Die Philharmoniker und Yuja Wang oder die vollendete Kunst der Effekte
Kein Geringerer als Gustav Mahler stand am Pult, als Sergej Rachmaninow sein drittes Klavierkonzert bei der Uraufführung 1910 in New York selbst spielte. Artur Rubinstein bezeichnete es wegen seiner enormen Schwierigkeiten als „Elefantenkonzert“.
Jetzt erlebte das Publikum dieses im Wiener Konzerthaus mit Yuja Wang: Kraftvoll, griffsicher, mit enormem Temperament musizierte sie auch die technischen Vertracktheiten des Werkes souverän. Allein bei aller Virtuosität: Die chinesische Pianistin – wieder in extravagantem Outfit – wusste zu wenig zu berühren.
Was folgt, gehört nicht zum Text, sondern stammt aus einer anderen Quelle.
lemma integral_fps_nth_diff_even:
  assumes "integral_fps f" "fps_mod2 f $ a = fps_mod2 f $ b"
  shows "\<exists>m::int. f $ a - f $ b = of_int (2 * m)"
proof -
  have "even (\<lfloor>f $ a\<rfloor> - \<lfloor>f $ b\<rfloor>)"
    using assms(2) by (simp add: fps_mod2_nth of_int_bit split: if_splits)
  then obtain m where "\<lfloor>f $ a\<rfloor> - \<lfloor>f $ b\<rfloor> = 2 * m" by (elim evenE)
  then have "f $ a - f $ b = of_int (2 * m)"
    using integral_fps_nth[OF assms(1), of a] integral_fps_nth[OF assms(1), of b]
    by (metis of_int_diff)
  then show ?thesis ..
qed

lemma integral_fps_j6_series: "integral_fps j6_series"
  unfolding j6_series_def
  by (intro integral_fps_power integral_fps_mult integral_fps_qpoch integral_fps_inverse)
     (simp_all add: fps_power_zeroth)

lemma odd_square_mult_8_plus_1:
  assumes "odd (d::nat)"
  obtains n' where "d ^ 2 * (8 * n + 1) = 8 * n' + 1"
proof -
  obtain r where r: "d = 2 * r + 1" using assms by (elim oddE)
  have "even (r * (r + 1))" by simp
  then obtain s where "r * (r + 1) = 2 * s" by (elim evenE)
  then have "d ^ 2 = 8 * s + 1" using r by (simp add: power2_eq_square algebra_simps)
  then show ?thesis using that[of "8 * s * n + s + n"] by (simp add: algebra_simps)
qed

lemma triangular_square_mult_iff:
  assumes "d ^ 2 * (8 * n + 1) = 8 * n' + 1" "d > 0"
  shows "triangular n' \<longleftrightarrow> triangular n"
proof
  assume "triangular n'"
  then obtain y where y: "y ^ 2 = d ^ 2 * (8 * n + 1)" using assms(1) by (auto simp: triangular_def)
  then have "d ^ 2 dvd y ^ 2" by simp
  then have "d dvd y" by simp
  then obtain z where "y = d * z" by (elim dvdE)
  then have "d ^ 2 * z ^ 2 = d ^ 2 * (8 * n + 1)" using y by (simp add: power_mult_distrib)
  moreover have "d ^ 2 \<noteq> 0" using assms(2) by simp
  ultimately have "z ^ 2 = 8 * n + 1" by (metis mult_left_cancel)
  then show "triangular n" by (auto simp: triangular_def)
next
  assume "triangular n"
  then obtain z where "z ^ 2 = 8 * n + 1" by (auto simp: triangular_def)
  then have "(d * z) ^ 2 = 8 * n' + 1" using assms(1) by (simp add: power_mult_distrib)
  then show "triangular n'" unfolding triangular_def by (rule exI)
qed

theorem corollary3p7:
  fixes k p :: nat
  assumes "k > 0" and "prime p" and "p mod 8 \<in> {3, 5, 7}"
  shows "\<forall>n::nat. \<exists>m::int.
           J6 (24 * n + 3) - J6 (3 * p ^ (2 * k) * (8 * n + 1)) = of_int (2 * m)"
proof
  fix n :: nat
  have "p mod 8 = 3 \<or> p mod 8 = 5 \<or> p mod 8 = 7" using assms(3) by simp
  then have "odd (p ^ k)" by simp presburger
  then obtain n' where n': "(p ^ k) ^ 2 * (8 * n + 1) = 8 * n' + 1"
    by (rule odd_square_mult_8_plus_1)
  have "triangular n' \<longleftrightarrow> triangular n"
    using n' \<open>odd (p ^ k)\<close> by (intro triangular_square_mult_iff) (auto simp: odd_pos)
  then have "fps_mod2 j6_series $ (3 * (8 * n + 1) + 1) = fps_mod2 j6_series $ (3 * (8 * n' + 1) + 1)"
    using fps_mod2_j6_series_nth[of n] fps_mod2_j6_series_nth[of n'] by (simp add: psi_mod2_nth)
  then obtain m where "j6_series $ (3 * (8 * n + 1) + 1) - j6_series $ (3 * (8 * n' + 1) + 1) = of_int (2 * m)"
    using integral_fps_nth_diff_even[OF integral_fps_j6_series] by blast
  moreover have "3 * p ^ (2 * k) * (8 * n + 1) = 3 * (8 * n' + 1)"
    using n' by (simp add: power_even_eq)
  ultimately show "\<exists>m::int. J6 (24 * n + 3) - J6 (3 * p ^ (2 * k) * (8 * n + 1)) = of_int (2 * m)"
    by (auto simp: J6_def)
qed

end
Farbenreich begleitet wurde sie von den Wiener Philharmonikern unter Andrés Orozco-Estrada, wobei man nicht immer die ideale Balance zwischen Solistin und Orchester fand, denn sie wurde immer wieder vom Orchester zugedeckt.
„Das Theater schien von einem Erdbeben heimgesucht zu werden. Leute schrien Beleidigungen, buhten und pfiffen, übertönten die Musik …“, so berichteten Medien über die Premiere.
Kein Zweifel: Die Uraufführung von „Le sacre du printemps“1913 in Paris war einer der größten Skandale in der Musikgeschichte und schrammte knapp am Abbruch vorbei. Aber nicht nur wegen der Musik von Igor Strawinsky, sondern auch wegen der damals völlig neuartigen Choreografie.
Heute ruft dieses Schlüsselwerk des 20. Jahrhunderts, das zu den Klassikern der Moderne zählt, längst keinen Skandal mehr hervor. Den dominanten Rhythmus und die diffizile Komplexität der Musik konnten die Philharmoniker unter dem präzise agierenden, kolumbianischen Dirigenten mit Urgewalt, vielen Schattierungen an Dynamik, Effekten und Farben großartig verwirklichen.